The customer was told by the call centre it wasn’t possible – such status pauses are offered only to customers who were having a baby.

Joyce quickly changed the policy.

“You have to get people to think in your culture … to actually think, if this was your mother, if this was your sister, how would you approach it and how would you apply it?

“You have to look at this and stare at it, and figure out how you can improve.”

Alan Joyce and Boral chief executive Mike Kane at the business forum that finished off The Australian Financial Review Business Summit.  Jessica Hromas

It’s a crucial insight into how a company such as Qantas remains one of our most trusted.

Airlines, like banks, deal with thousands of people every day, so there will plenty of minor complaints it faces.

But the company still retains trust because of its preparedness to listen, and then change and adapt.

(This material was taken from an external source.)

(* Let $0\le\lambda<1$ and $N=1$. Then for $0\le\delta\le1$, $$\zeta(1,\delta,\lambda)=\max\Big\{0,\frac{\lambda(\delta-\lambda)}{1-\lambda},\frac{\delta(2-\lambda)-1}{1-\lambda}\Big\}=\begin{cases}0,&0\le\delta\le\lambda,\\ \frac{\lambda(\delta-\lambda)}{1-\lambda},&\lambda\le\delta\le\frac{1+\lambda}{2},\\ \frac{\delta(2-\lambda)-1}{1-\lambda},&\frac{1+\lambda}{2}\le\delta\le1.\end{cases}$$
   Context: Let $\mathcal H$ be a Hilbert space of finite dimension $D\ge 2$ and $|\Psi\rangle\in\mathcal H$ a unit vector. For $0\le\lambda<1$ let $\Omega_\lambda=|\Psi\rangle\langle\Psi|+\lambda(1-|\Psi\rangle\langle\Psi|)$. For an integer $N\ge1$ and a density operator $\rho$ on $\mathcal H^{\otimes(N+1)}$ put $p_\rho=\mathrm{tr}[(\Omega_\lambda^{\otimes N}\otimes 1)\rho]$ and $f_\rho=\mathrm{tr}[(\Omega_\lambda^{\otimes N}\otimes|\Psi\rangle\langle\Psi|)\rho]$, and $\zeta(N,\delta,\lambda)=\min\{f_\rho:p_\rho\ge\delta\}$, the minimum over permutation-invariant density operators on $\mathcal H^{\otimes(N+1)}$. *)

theory Defs
  imports Complex_Main "Jordan_Normal_Form.Matrix"
begin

Clearly, part of this willingness to change has been forced on Qantas by changing circumstances in the aviation sector, as Joyce explained.

“We are very heavily exposed, a lot of businesses, to companies around the globe. And if we weren’t putting the customer first, and weren’t trying to figure out how to improve all the time, and come up with new service, and lead with innovation, we have no right to exist.

“Qantas will celebrate 99 years of operation, the oldest continuous airline in the world. It’s survived for those 99 years ’cause it changed its business every decade, and it delivered for the customer for every decade.”

Creating a loyalty program like Frequent Flyers and then starting Jetstar would be examples of this innovation.

But Joyce’s willingness to listen and then act on a subject such as same-sex marriage is another example of the way the company has engendered trust.

Clearly, Qantas understood far better than politicians where the electorate stood on this issue. Clearly, it judged that its preparedness to speak out, and show leadership, actually built on the reputational capital it had developed.

It is this mix of being willing to listen and willing to change that marks Qantas’ recent history from a business leadership standpoint.

But it’s also a simple formula that the wider business sector could build from. Listen to your customers and the community, and they will listen to you.